Aglaophyton major , reconstruction

Temporal occurrence
Devon , Emsium / Eifelium
approx. 396 ± 8 million years
Locations

Rhynie Chert ( Aberdeenshire )

Systematics
without rank: Phragmoplastophyta
without rank: Streptophyta
Empire : Plants (Plantae)
Department : Rhyniophyta
Genre : Aglaophyton
Type : Aglaophyton major
Scientific name of the  genus
Aglaophyton
DS Edwards
Scientific name of the  species
Aglaophyton major
DS Edwards

Aglaophyton major is a fossil plant species that, due to its combination of characteristics, stands between mosses and vascular plants . It wasfirst describedin 1920 from the Rhynie Chert in the Scottish county of Aberdeenshire . She alone forms the genus Aglaophyton .

features

Sporophyte

The rhizome grows horizontally. Rhizoids that are not septate and that arise from epidermal cells grow in certain places .

The shoots of the sporophyte are upright, naked and branch evenly dichotomously. The plant is a maximum of 18 centimeters high. The diameter of the rung is around six millimeters.

The conductive tissue consists of an inner zone of elongated, thin-walled cells and an outer zone of elongated, thick-walled cells. This water conduction tissue does not contain any tracheids because the cells lack the corresponding thickening. This central part is surrounded by a six-cell-thick layer of thin-walled, elongated cells, which are regarded as a " phloem " due to their position . Since this conductive tissue lacks the typical conductive elements (such as tracheids), they are also referred to as hydroids and leptoids, as is the case with mosses . The cortex connects to the outside and has extremely thick-walled cells in the outer area. The epidermis is made up of elongated cells. The stomata are formed by two companion cells, which are surrounded by six to eight slightly modified epidermal cells.

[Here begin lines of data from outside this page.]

lemma sum_agent_pairs_by_state:
  fixes h :: "opinion \<Rightarrow> opinion \<Rightarrow> real"
  assumes "\<And>a. h a a = 0" and "h Op1 Undec = 0" and "h Op2 Undec = 0"
  shows "(\<Sum>(i, j)\<in>agent_pairs n. h (c i) (c j)) =
    real (cnt n Op1 c) * real (cnt n Op2 c) * (h Op2 Op1 + h Op1 Op2)
    + real (cnt n Undec c) * (real (cnt n Op1 c) * h Undec Op1 + real (cnt n Op2 c) * h Undec Op2)"
proof -
  define x1 x2 u where "x1 = real (cnt n Op1 c)" and "x2 = real (cnt n Op2 c)"
    and "u = real (cnt n Undec c)"
  have "(\<Sum>(i, j)\<in>agent_pairs n. h (c i) (c j)) = (\<Sum>i<n. \<Sum>j<n. h (c i) (c j))"
    using assms(1) by (rule sum_agent_pairs)
  also have "\<dots> = (\<Sum>i<n. x1 * h (c i) Op1 + x2 * h (c i) Op2 + u * h (c i) Undec)"
    unfolding x1_def x2_def u_def by (simp add: sum_agents_by_state algebra_simps)
  also have "\<dots> = x1 * (x1 * h Op1 Op1 + x2 * h Op1 Op2 + u * h Op1 Undec)
      + x2 * (x1 * h Op2 Op1 + x2 * h Op2 Op2 + u * h Op2 Undec)
      + u * (x1 * h Undec Op1 + x2 * h Undec Op2 + u * h Undec Undec)"
    unfolding sum_agents_by_state[where f = "\<lambda>a. x1 * h a Op1 + x2 * h a Op2 + u * h a Undec"]
    by (simp add: x1_def x2_def u_def algebra_simps)
  finally show ?thesis by (simp add: assms x1_def x2_def u_def algebra_simps)
qed

definition interaction_factor :: "real \<Rightarrow> real \<Rightarrow> real \<Rightarrow> opinion \<Rightarrow> opinion \<Rightarrow> real" where
  "interaction_factor l m p a b =
     measure_pmf.expectation (interact p a b) (\<lambda>s. exp (usd_weight l m p s - usd_weight l m p a))"

lemma sum_agent_pairs_interaction_factor:
  assumes "0 \<le> p" "p \<le> 1"
  shows "(\<Sum>(i, j)\<in>agent_pairs n. interaction_factor l m p (c i) (c j) - 1) =
    real (cnt n Op1 c) * real (cnt n Op2 c)
      * ((exp (l * (1 - p) - m) - 1) + (1 - p) * (exp (- m - l) - 1))
    + real (cnt n Undec c) * (real (cnt n Op1 c) * (exp (l + m) - 1)
      + real (cnt n Op2 c) * (exp (m - l * (1 - p)) - 1))"
proof -
  have "interaction_factor l m p a a = 1" for a
    by (cases a) (simp_all add: interaction_factor_def interact_def)
  then show ?thesis
    using assms by (subst sum_agent_pairs_by_state)
      (simp_all add: interaction_factor_def interact_def algebra_simps)
qed

lemma finite_set_pmf_interact: "finite (set_pmf (interact p a b))"
  by (simp add: interact_def)

lemma finite_set_pmf_step:
  assumes "2 \<le> n"
  shows "finite (set_pmf (step n p c))"
  unfolding step_def agent_pairs_def[symmetric]
  using finite_agent_pairs agent_pairs_nonempty[OF assms]
  by (auto simp: set_bind_pmf finite_set_pmf_interact split: prod.splits)
(* Let $d\ge2$, $s\in\mathbb N$, $\beta>-d-s$, $\lambda_0,\dots,\lambda_{s-1}>0$, and let $f$ be a function on an open neighbourhood of $\mathbb V_0^{d+1}$ in $\mathbb R^{d+1}$ with continuous partial derivatives $\partial_t^kf$, $0\le k\le s$, and $\partial_t^sf\in L^2(\mathbb V_0^{d+1},\mathsf w_{\beta+s,0})$. Then for all $n\ge s$, $$\partial_t^s\operatorname{proj}_n^{\beta,-s}f(x,t)=\operatorname{proj}_{n-s}^{\beta+s,0}\big(\partial_t^sf\big)(x,t).$$
   Context: Cone $\mathbb V_0^{d+1}=\{(x,t)\in\mathbb R^d\times\mathbb R:\|x\|=t,\ 0\le t\le1\}$, points $(t\xi,t)$ with $\xi\in\mathbb S^{d-1}$; $\int_{\mathbb V_0^{d+1}}f\,\mathrm d\mathsf m=\int_0^1t^{d-1}\int_{\mathbb S^{d-1}}f(t\xi,t)\mathrm d\sigma(\xi)\mathrm dt$; $\omega_d=2\pi^{d/2}/\Gamma(d/2)$; $\mathsf w_{\beta,\gamma}(t)=t^\beta(1-t)^\gamma$. $\partial_t$ is the partial derivative in the last variable with $x$ held fixed. Jacobi polynomials for real parameters: $P_n^{(\alpha,\beta)}(u)=\sum_{k=0}^n\frac{(\alpha+k+1)_{n-k}(-n)_k(n+\alpha+\beta+1)_k}{n!\,k!}(\frac{1-u}{2})^k$; $A_n^{(\alpha,\beta)}=2^n/(n+\alpha+\beta+1)_n$; $\widehat P_n^{(\alpha,\beta)}=A_n^{(\alpha,\beta)}P_n^{(\alpha,\beta)}$; for $\alpha>-1-s$, $J_n^{(\alpha,-s)}(u)=\frac{(u+1)^n}{n!}$ ($n\le s-1$), $J_n^{(\alpha,-s)}(u)=\int_{-1}^u\frac{(u-w)^{s-1}}{(s-1)!}\widehat P_{n-s}^{(\alpha+s,0)}(w)\mathrm dw$ ($n\ge s$). $\{Y_\ell^m\}$ orthonormal basis of degree-$m$ spherical harmonics for $\frac1{\omega_d}\int\cdot\,\mathrm d\sigma$, extended homogeneously to harmonic polynomials on $\mathbb R^d$. $\langle f,g\rangle_{\beta',\gamma}=b_{\beta',\gamma}\int_{\mathbb V_0^{d+1}}fg\,\mathsf w_{\beta',\gamma}\mathrm d\mathsf m$ ($\beta'>-d,\gamma>-1$, $b$ normalizing $\langle1,1\rangle=1$); $\mathsf S_{m,\ell}^{n,(\beta',\gamma)}(x,t)=P_{n-m}^{(2m+\beta'+d-1,\gamma)}(1-2t)Y_\ell^m(x)$; $\operatorname{proj}_n^{\beta',\gamma}g=\sum_{m\le n,\ell}\frac{\langle g,\mathsf S_{m,\ell}^{n,(\beta',\gamma)}\rangle_{\beta',\gamma}}{\langle\mathsf S_{m,\ell}^{n,(\beta',\gamma)},\mathsf S_{m,\ell}^{n,(\beta',\gamma)}\rangle_{\beta',\gamma}}\mathsf S_{m,\ell}^{n,(\beta',\gamma)}$ as a polynomial in $(x,t)$. $\langle f,g\rangle_{\beta,-s}=\frac1{\omega_d}\int_{\mathbb V_0^{d+1}}\partial_t^sf\,\partial_t^sg\,t^{\beta+s}\mathrm d\mathsf m+\sum_{k=0}^{s-1}\frac{\lambda_k}{\omega_d}\int_{\mathbb S^{d-1}}\partial_t^kf(\xi,1)\partial_t^kg(\xi,1)\mathrm d\sigma(\xi)$; $\mathsf S_{m,\ell}^{n,(\beta,-s)}(x,t)=J_{n-m}^{(2m+\beta+d-1,-s)}(1-2t)Y_\ell^m(x)$; $\operatorname{proj}_n^{\beta,-s}f=\sum_{m\le n,\ell}\frac{\langle f,\mathsf S_{m,\ell}^{n,(\beta,-s)}\rangle_{\beta,-s}}{\langle\mathsf S_{m,\ell}^{n,(\beta,-s)},\mathsf S_{m,\ell}^{n,(\beta,-s)}\rangle_{\beta,-s}}\mathsf S_{m,\ell}^{n,(\beta,-s)}$, a polynomial in $(x,t)$. *)

theory Defs
  imports "HOL-Analysis.Analysis"
begin

text \<open>Points of R^(d+1) are pairs (x,t) with x :: real^'d, d = CARD('d).
  Functions on R^(d+1) are curried: f :: real^'d => real => real.\<close>

definition cone :: "((real^'d::finite) \<times> real) set" where
  "cone = {(x, t). norm x = t \<and> 0 \<le> t \<and> t \<le> 1}"

definition omega_d :: "'d::finite itself \<Rightarrow> real" where
  "omega_d _ = 2 * pi powr (real CARD('d) / 2) / Gamma (real CARD('d) / 2)"

text \<open>Surface integral over the unit sphere S^(d-1) (w.r.t. surface measure sigma),
  via polar coordinates: int_S g dsigma = d * int_{unit ball} g(x/|x|) dx.\<close>
definition sphere_int :: "(real^'d::finite \<Rightarrow> real) \<Rightarrow> real" where
  "sphere_int g = real CARD('d) *
     set_lebesgue_integral lborel (cball 0 1) (\<lambda>x. g (x /\<^sub>R norm x))"

text \<open>Integral over the cone w.r.t. dm: int_0^1 t^(d-1) int_S F(t xi, t) dsigma dt,
  which by polar coordinates equals int_{unit ball} F(y, |y|) dy.\<close>
definition cone_int :: "(real^'d::finite \<Rightarrow> real \<Rightarrow> real) \<Rightarrow> real" where
  "cone_int F = set_lebesgue_integral lborel (cball 0 1) (\<lambda>y. F y (norm y))"

definition dt :: "nat \<Rightarrow> (real^'d \<Rightarrow> real \<Rightarrow> real) \<Rightarrow> real^'d \<Rightarrow> real \<Rightarrow> real" where
  "dt k f x = (deriv ^^ k) (f x)"

definition hom_poly :: "nat \<Rightarrow> (real^'d::finite \<Rightarrow> real) \<Rightarrow> bool" where
  "hom_poly m p \<longleftrightarrow> (\<exists>c :: ('d \<Rightarrow> nat) \<Rightarrow> real. \<forall>x.
      p x = (\<Sum>\<alpha>\<in>{\<alpha>. sum \<alpha> UNIV = m}. c \<alpha> * (\<Prod>i\<in>UNIV. (x $ i) ^ \<alpha> i)))"
lemma orthogonal_projection_exists:
  assumes S: "S \<subseteq> carrier_vec N" "finite S" "V.lin_indpt S" and y: "y \<in> carrier_vec N"
  shows "\<exists>p \<in> V.span S. \<forall>s\<in>S. (y - p) \<bullet> s = 0"
proof -
  obtain ws where ws: "set ws = S" "distinct ws" using finite_distinct_list[OF S(2)] by auto
  define us where "us = gram_schmidt N ws"
  note GS = V.gram_schmidt_result[of ws us, OF _ ws(2) _ us_def, unfolded ws(1), OF S(1) S(3)]
  define U where "U = set us"
  have U: "U \<subseteq> carrier_vec N" "finite U" and span_U: "V.span S = V.span U"
    unfolding U_def using GS by auto
  have orth: "u \<bullet> v = (if u = v then u \<bullet> u else 0)" and nonzero: "u \<bullet> u \<noteq> 0"
    if "u \<in> U" "v \<in> U" for u v
    using that corthogonalD[OF GS(2)] corthogonal_distinct[OF GS(2)]
    unfolding U_def in_set_conv_nth by (auto simp: real_cscalar_prod nth_eq_iff_index_eq)
  define p where "p = V.lincomb (\<lambda>u. (y \<bullet> u) / (u \<bullet> u)) U"
  have p: "p \<in> carrier_vec N" "p \<in> V.span U"
    unfolding p_def using U V.lincomb_closed by (auto simp: V.span_def class_ring_simps)
  have "(y - p) \<bullet> u = 0" if "u \<in> U" for u
  proof -
    have u: "u \<in> carrier_vec N" using that U by auto
    have "p \<bullet> u = (\<Sum>x\<in>U. (y \<bullet> x) / (x \<bullet> x) * (if x = u then x \<bullet> x else 0))"
      unfolding p_def using lincomb_scalar_prod[OF U u] orth[OF _ that] by simp
    also have "\<dots> = (\<Sum>x\<in>U. if x = u then y \<bullet> u else 0)"
      using nonzero[OF that that] by (intro sum.cong) auto
    also have "\<dots> = y \<bullet> u" using that U by simp
    finally show ?thesis
      using u y p(1) by (simp add: minus_scalar_prod_distrib)
  qed
  then have "y - p \<in> V.orthogonal_complement (V.span U)"
    unfolding V.in_orthogonal_complement_span[OF U(1)]
    using y p(1) by (auto simp: V.orthogonal_complement_def)
  moreover have "S \<subseteq> V.span U" using span_U V.in_own_span[OF S(1)] by auto
  ultimately show ?thesis
    using p(2) span_U by (auto simp: V.orthogonal_complement_def)
qed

The sporangia are spindle-shaped and radially symmetrical in cross-section. They are terminal, i.e. at the tips of the axes, just above a dichotomous branching of the axis. The wall of the sporangia consists of three cell layers, so it is eusporangiat. The outer layer consists of thin-walled epidermal cells. This also has stomata. The next layer is parenchymal and similar to the inner cortex of the axis. The third layer surrounds the central spore mass as a tapetum layer. There are no pre-formed openings in the sporangium. The spores are 52 to 78 micrometers in size, trilet (have a three-pointed scar) and laevigat (smooth).

Gametophyte

In 1980 Renate Remy and Winfried Remy described Lyonophyton rhyniensis , which is probably the gametophyte of Aglaophyton . Only the distal end of the antheridia carrier is known. It is a bare shaft at least 16 mm long that ends in a disk-shaped structure 2.6 to 9 mm in diameter. The rounded antheridia sit on their surface. Each antheridium has a central, sterile tissue. The spermatozoids are often visible in the antheridia .

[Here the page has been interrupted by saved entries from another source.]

(* Let $\mathcal{A}$ be a learning-augmented memory-constrained algorithm for the $2$-server problem on the line and let $\lambda\in(0,1]$. If $\mathcal{A}$ is $(1+\lambda)$-consistent, then it is not $\beta'$-robust for any $\beta'<1+1/\lambda$ (i.e., it is at least $(1+1/\lambda)$-robust).
   Context: The $2$-server problem on the line: servers on $\mathbb{R}$, requests revealed online, each served by moving a server to it; cost = total distance moved; $\mathrm{OPT}$ is the optimal offline cost. A prediction gives for each request an index in $\{1,2\}$ (the predicted server, servers labeled by position); FtP serves each request by the predicted server, and $\eta=\mathrm{FtP}-\mathrm{OPT}$. $\alpha$-consistent: $\mathcal{A}(I)\le\alpha\,\mathrm{OPT}(I)+c$ for every instance and every prediction with $\eta=0$; $\beta$-robust: $\mathcal{A}(I)\le\beta\,\mathrm{OPT}(I)+c$ for every instance and prediction; $c$ depends only on the initial configuration. Memory-constrained: each decision depends only on the current configuration, current request and current prediction; several servers may be moved per request; and for any set of $k$ distinct points and any configuration there exists a finite sequence of requests among these points (a force) after which each point contains exactly one server. *)

theory Defs
  imports Complex_Main
begin

text \<open>A configuration is a pair of server
positions; configurations handled by the online algorithm are kept sorted
(first component = left server = server 1, second = right server = server 2),
so that servers are labelled by position and the algorithm cannot store
information in the labelling.\<close>

type_synonym conf = "real \<times> real"

definition sorted_conf :: "conf \<Rightarrow> bool" where
  "sorted_conf c \<longleftrightarrow> fst c \<le> snd c"

definition covers :: "conf \<Rightarrow> real \<Rightarrow> bool" where
  "covers c r \<longleftrightarrow> fst c = r \<or> snd c = r"

text \<open>Cost of moving from one configuration to another (servers are
interchangeable, so the cheaper of the two matchings).\<close>
definition cdist :: "conf \<Rightarrow> conf \<Rightarrow> real" where
  "cdist c d = min (\<bar>fst c - fst d\<bar> + \<bar>snd c - snd d\<bar>)
                   (\<bar>fst c - snd d\<bar> + \<bar>snd c - fst d\<bar>)"

text \<open>A memory-constrained online algorithm: new configuration as a function of
the current configuration, the current request and the current predicted index.\<close>
type_synonym alg = "conf \<Rightarrow> real \<Rightarrow> nat \<Rightarrow> conf"

text \<open>An instance part: list of (request, predicted server index).\<close>
fun alg_cost :: "alg \<Rightarrow> conf \<Rightarrow> (real \<times> nat) list \<Rightarrow> real" where
  "alg_cost A c [] = 0"
| "alg_cost A c ((r, i) # rest) = cdist c (A c r i) + alg_cost A (A c r i) rest"

fun alg_final :: "alg \<Rightarrow> conf \<Rightarrow> (real \<times> nat) list \<Rightarrow> conf" where
  "alg_final A c [] = c"
| "alg_final A c ((r, i) # rest) = alg_final A (A c r i) rest"

text \<open>Follow-the-Prediction: serve each request by the predicted server
(1 = left, 2 = right).\<close>
definition ftp_step :: "conf \<Rightarrow> real \<Rightarrow> nat \<Rightarrow> conf" where
  "ftp_step c r i = (if i = 1 then (min r (snd c), max r (snd c))
                     else (min (fst c) r, max (fst c) r))"

definition ftp_step_cost :: "conf \<Rightarrow> real \<Rightarrow> nat \<Rightarrow> real" where
  "ftp_step_cost c r i = (if i = 1 then \<bar>fst c - r\<bar> else \<bar>snd c - r\<bar>)"

fun ftp_cost :: "conf \<Rightarrow> (real \<times> nat) list \<Rightarrow> real" where
  "ftp_cost c [] = 0"
| "ftp_cost c ((r, i) # rest) = ftp_step_cost c r i + ftp_cost (ftp_step c r i) rest"

fun sched_cost :: "conf \<Rightarrow> conf list \<Rightarrow> real" where
  "sched_cost c [] = 0"
| "sched_cost c (d # ds) = cdist c d + sched_cost d ds"

definition opt :: "conf \<Rightarrow> real list \<Rightarrow> real" where
  "opt c rs = Inf {sched_cost c cs | cs. length cs = length rs \<and>
                     (\<forall>j < length rs. covers (cs ! j) (rs ! j))}"

definition valid_preds :: "(real \<times> nat) list \<Rightarrow> bool" where
  "valid_preds I \<longleftrightarrow> (\<forall>x \<in> set I. snd x \<in> {1, 2})"

definition eta :: "conf \<Rightarrow> (real \<times> nat) list \<Rightarrow> real" where
  "eta c I = ftp_cost c I - opt c (map fst I)"

definition consistent :: "alg \<Rightarrow> real \<Rightarrow> bool" where
  "consistent A \<alpha> \<longleftrightarrow> (\<exists>C :: conf \<Rightarrow> real. \<forall>c I. sorted_conf c \<and> valid_preds I \<and> eta c I = 0
      \<longrightarrow> alg_cost A c I \<le> \<alpha> * opt c (map fst I) + C c)"

definition robust :: "alg \<Rightarrow> real \<Rightarrow> bool" where
  "robust A \<beta> \<longleftrightarrow> (\<exists>C :: conf \<Rightarrow> real. \<forall>c I. sorted_conf c \<and> valid_preds I
      \<longrightarrow> alg_cost A c I \<le> \<beta> * opt c (map fst I) + C c)"

text \<open>Memory-constrained algorithm for k = 2: it always serves the request, keeps
configurations sorted, and admits a force: for any two distinct points and any
configuration there is a finite request sequence among these points after which
each point holds exactly one server (whatever the predictions are).\<close>
definition memory_constrained :: "alg \<Rightarrow> bool" where
  "memory_constrained A \<longleftrightarrow>
     (\<forall>c r i. sorted_conf c \<longrightarrow> sorted_conf (A c r i) \<and> covers (A c r i) r) \<and>
     (\<forall>c p q. sorted_conf c \<and> p \<noteq> q \<longrightarrow>
        (\<exists>rs. set rs \<subseteq> {p, q} \<and>
           (\<forall>ps. length ps = length rs \<and> set ps \<subseteq> {1, 2} \<longrightarrow>
              (let d = alg_final A c (zip rs ps) in d = (p, q) \<or> d = (q, p)))))"

end

theory Submission
  imports Defs
begin

text \<open>Take the configuration \<open>(0, z)\<close> with \<open>z > 3 + 2 lam\<close>, and the requests \<open>1, 0, z\<close> predicted
  for the servers 1, 1, 2, followed by a force back to \<open>(0, z)\<close> that Follow-the-Prediction serves
  for free.  FtP pays 2 per repetition, which is optimal, so the predictions are perfect and
  \<open>(1 + lam)\<close>-consistency, applied to many repetitions, shows that the moves
  \<open>(0, z) \<rightarrow> t\<^sub>1 \<rightarrow> t\<^sub>2\<close> of the algorithm on the requests \<open>1, 0\<close>, plus the way back to \<open>(0, z)\<close>, cost at
  most \<open>2 + 2 lam\<close>.  This forces \<open>t\<^sub>2 = (0, z')\<close> with \<open>z - z' \<le> lam\<close>, the two moves costing at least
  \<open>2 + (z - z')\<close>.

  As decisions depend only on the current configuration, request and prediction, the same happens
  whenever \<open>1, 0\<close> is requested in such a configuration.  Starting in \<open>(0, b)\<close>, the adversary
  requests \<open>1, 0\<close> for \<open>N\<close> rounds, then \<open>b\<close>, and forces back to \<open>(0, b)\<close>.  The algorithm pays 2 per
  round while its right server drifts towards 0 by at most \<open>lam\<close> per round, so it pays either
  \<open>2 N\<close>, or \<open>2 (b - 3 - 2 lam) / lam\<close> for the rounds plus \<open>2 (b - 3 - 2 lam)\<close> for the drift and the
  return to \<open>b\<close>.  Offline, a server parked at 1 serves everything for \<open>2 b\<close>, and letting \<open>b\<close> and
  \<open>N\<close> grow gives the ratio \<open>1 + 1 / lam\<close>.\<close>

lemma cdist_nonneg: "0 \<le> cdist c d"
  by (simp add: cdist_def)

lemma cdist_self [simp]: "cdist c c = 0"
  by (simp add: cdist_def)

lemma cdist_triangle: "cdist c e \<le> cdist c d + cdist d e"
  unfolding cdist_def by (simp add: min_def; smt (verit))

lemma cdist_same_fst [simp]: "cdist (p, s) (p, t) = \<bar>s - t\<bar>"
  unfolding cdist_def by (simp add: min_def)

lemma le_of_forall_real_of_nat_mult_le:
  fixes K B C :: real
  assumes "\<And>n::nat. real n * K \<le> real n * B + C"
  shows "K \<le> B"
proof (rule ccontr)
  assume "\<not> K \<le> B"
  then have "0 < K - B" by simp
  obtain n :: nat where "C / (K - B) < real n" using reals_Archimedean2 by blast
  with \<open>0 < K - B\<close> have "C < real n * (K - B)" by (simp add: pos_divide_less_eq)
  with assms[of n] show False by (simp add: right_diff_distrib)
qed

section \<open>Costs of online runs and of offline schedules\<close>

lemma alg_final_append: "alg_final A c (xs @ ys) = alg_final A (alg_final A c xs) ys"
  by (induction A c xs rule: alg_final.induct) auto

lemma alg_cost_append: "alg_cost A c (xs @ ys) = alg_cost A c xs + alg_cost A (alg_final A c xs) ys"
  by (induction A c xs rule: alg_final.induct) auto

lemma cdist_alg_final_le_alg_cost: "cdist c (alg_final A c xs) \<le> alg_cost A c xs"
proof (induction A c xs rule: alg_final.induct)
  case (2 A c r i rest)
  then show ?case using cdist_triangle[of c "alg_final A (A c r i) rest" "A c r i"] by simp
qed simp

lemma alg_cost_with_return_le:
  assumes "alg_final A c (xs @ ys) = c"
  shows "alg_cost A c xs + cdist (alg_final A c xs) c \<le> alg_cost A c (xs @ ys)"
  using cdist_alg_final_le_alg_cost[of "alg_final A c xs" A ys] assms
  by (simp add: alg_cost_append alg_final_append)

lemma alg_cost_replicate:
  assumes "alg_final A c cyc = c"
  shows "alg_cost A c (concat (replicate n cyc)) = real n * alg_cost A c cyc"
proof -
  have "alg_final A c (concat (replicate n cyc)) = c \<and>
      alg_cost A c (concat (replicate n cyc)) = real n * alg_cost A c cyc"
    by (induction n) (auto simp: alg_cost_append alg_final_append assms algebra_simps)
  then show ?thesis ..
qed

fun ftp_final :: "conf \<Rightarrow> (real \<times> nat) list \<Rightarrow> conf" where
  "ftp_final c [] = c"
| "ftp_final c ((r, i) # rest) = ftp_final (ftp_step c r i) rest"

lemma ftp_final_append: "ftp_final c (xs @ ys) = ftp_final (ftp_final c xs) ys"
  by (induction c xs rule: ftp_final.induct) auto

lemma ftp_cost_append: "ftp_cost c (xs @ ys) = ftp_cost c xs + ftp_cost (ftp_final c xs) ys"
  by (induction c xs rule: ftp_final.induct) auto

lemma ftp_cost_replicate:
  assumes "ftp_final c cyc = c"
  shows "ftp_cost c (concat (replicate n cyc)) = real n * ftp_cost c cyc"
proof -
  have "ftp_final c (concat (replicate n cyc)) = c \<and>
      ftp_cost c (concat (replicate n cyc)) = real n * ftp_cost c cyc"
    by (induction n) (auto simp: ftp_cost_append ftp_final_append assms algebra_simps)
  then show ?thesis ..
qed

lemma ftp_stationary:
  assumes "p \<le> q" "set rs \<subseteq> {p, q}"
  defines "I \<equiv> map (\<lambda>r. (r, if r = p then 1 else 2)) rs"
  shows "ftp_final (p, q) I = (p, q)" and "ftp_cost (p, q) I = 0"
  using assms(2) unfolding I_def
  by (induction rs) (use assms(1) in \<open>auto simp: ftp_step_def ftp_step_cost_def\<close>)

lemma sched_cost_nonneg: "0 \<le> sched_cost c cs"
  by (induction cs arbitrary: c) (auto intro: add_nonneg_nonneg cdist_nonneg)

lemma sched_cost_append: "sched_cost c (xs @ ys) = sched_cost c xs + sched_cost (last (c # xs)) ys"
  by (induction xs arbitrary: c) auto

lemma cdist_last_le_sched_cost: "cdist c (last (c # cs)) \<le> sched_cost c cs"
proof (induction cs arbitrary: c)
  case (Cons d cs)
  have "cdist c (last (d # cs)) \<le> cdist c d + cdist d (last (d # cs))"
    by (rule cdist_triangle)
  with Cons.IH[of d] show ?case by simp
qed simp

lemma sched_cost_replicate: "sched_cost c (replicate n d) = (if n = 0 then 0 else cdist c d)"
  by (induction n arbitrary: c) auto

lemma sched_cost_concat_replicate:
  assumes "cs \<noteq> []" "last cs = c"
  shows "sched_cost c (concat (replicate n cs)) = real n * sched_cost c cs"
  by (induction n) (auto simp: sched_cost_append assms algebra_simps)

lemma covers_replicate:
  assumes "set rs \<subseteq> {fst d, snd d}"
  shows "list_all2 covers (replicate (length rs) d) rs"
  using assms by (induction rs) (auto simp: covers_def)

lemma opt_eq_Inf_sched_cost: "opt c rs = Inf (sched_cost c ` {cs. list_all2 covers cs rs})"
  unfolding opt_def list_all2_conv_all_nth by (simp add: setcompr_eq_image cong: conj_cong)

lemma opt_le_sched_cost:
  assumes "list_all2 covers cs rs"
  shows "opt c rs \<le> sched_cost c cs"
  unfolding opt_eq_Inf_sched_cost
proof (rule cInf_lower)
  show "bdd_below (sched_cost c ` {cs. list_all2 covers cs rs})"
    by (rule bdd_belowI[of _ 0]) (use sched_cost_nonneg in blast)
qed (use assms in simp)

lemma le_opt:
  assumes "\<And>cs. list_all2 covers cs rs \<Longrightarrow> L \<le> sched_cost c cs"
  shows "L \<le> opt c rs"
  unfolding opt_eq_Inf_sched_cost
proof (rule cInf_greatest)
  have "list_all2 covers (map (\<lambda>r. (r, r)) rs) rs"
    by (induction rs) (auto simp: covers_def)
  then show "sched_cost c ` {cs. list_all2 covers cs rs} \<noteq> {}" by blast
qed (use assms in blast)

lemma opt_nonneg: "0 \<le> opt c rs"
  by (rule le_opt) (rule sched_cost_nonneg)

lemma opt_concat_replicate_le:
  assumes "list_all2 covers sc rs" "sc \<noteq> []" "last sc = c"
  shows "opt c (concat (replicate n rs)) \<le> real n * sched_cost c sc"
proof -
  have "list_all2 covers (concat (replicate n sc)) (concat (replicate n rs))"
    using assms(1) by (induction n) (auto intro: list_all2_appendI)
  then have "opt c (concat (replicate n rs)) \<le> sched_cost c (concat (replicate n sc))"
    by (rule opt_le_sched_cost)
  also have "\<dots> = real n * sched_cost c sc"
    using assms(2,3) by (rule sched_cost_concat_replicate)
  finally show ?thesis .
qed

The gametophyte was independent, i.e. not connected to the sporophyte. The connection to the sporophyte is established by the similarities of the cuticle , the stomata and the anatomy of the water-conducting cells.

The female gametophyte has also been identified, but not yet published.

ecology

Aglaophyton grew singly or in groups on dry substrates covered with litter. Humid conditions were likely required for germination.

Systematic position

Aglaophyton is not a vascular plant . It corresponds to the structure of vascular plants with the exception of the structure of the conductive tissue. It thus occupies a middle position between mosses and vascular plants. Aglaophyton is traditionally placed with the Rhyniophyta, but these are a polyphyletic group and actually part of the vascular plants. In cladistic analyzes, Aglaiophyton is the sister group of vascular plants.

Botanical history

The fossils from the Rhynie Chert were initially mistaken for Rhynia gwynne-vaughanii , and in 1920 Robert Kidston and WH Lang described them as Rhynia major . For a long time no sporangia were known from Aglaophyton , which led to the assumption that Rhynia major was the gametophyte of Rhynia gwynne-vaughanii . This would have been a confirmation of a theory about the origin of land plants, which put similarly built (isomorphic) gameto- and sporophytes at the origin. The discovery of Rhynia major fossils with sporangia made further discussion unnecessary.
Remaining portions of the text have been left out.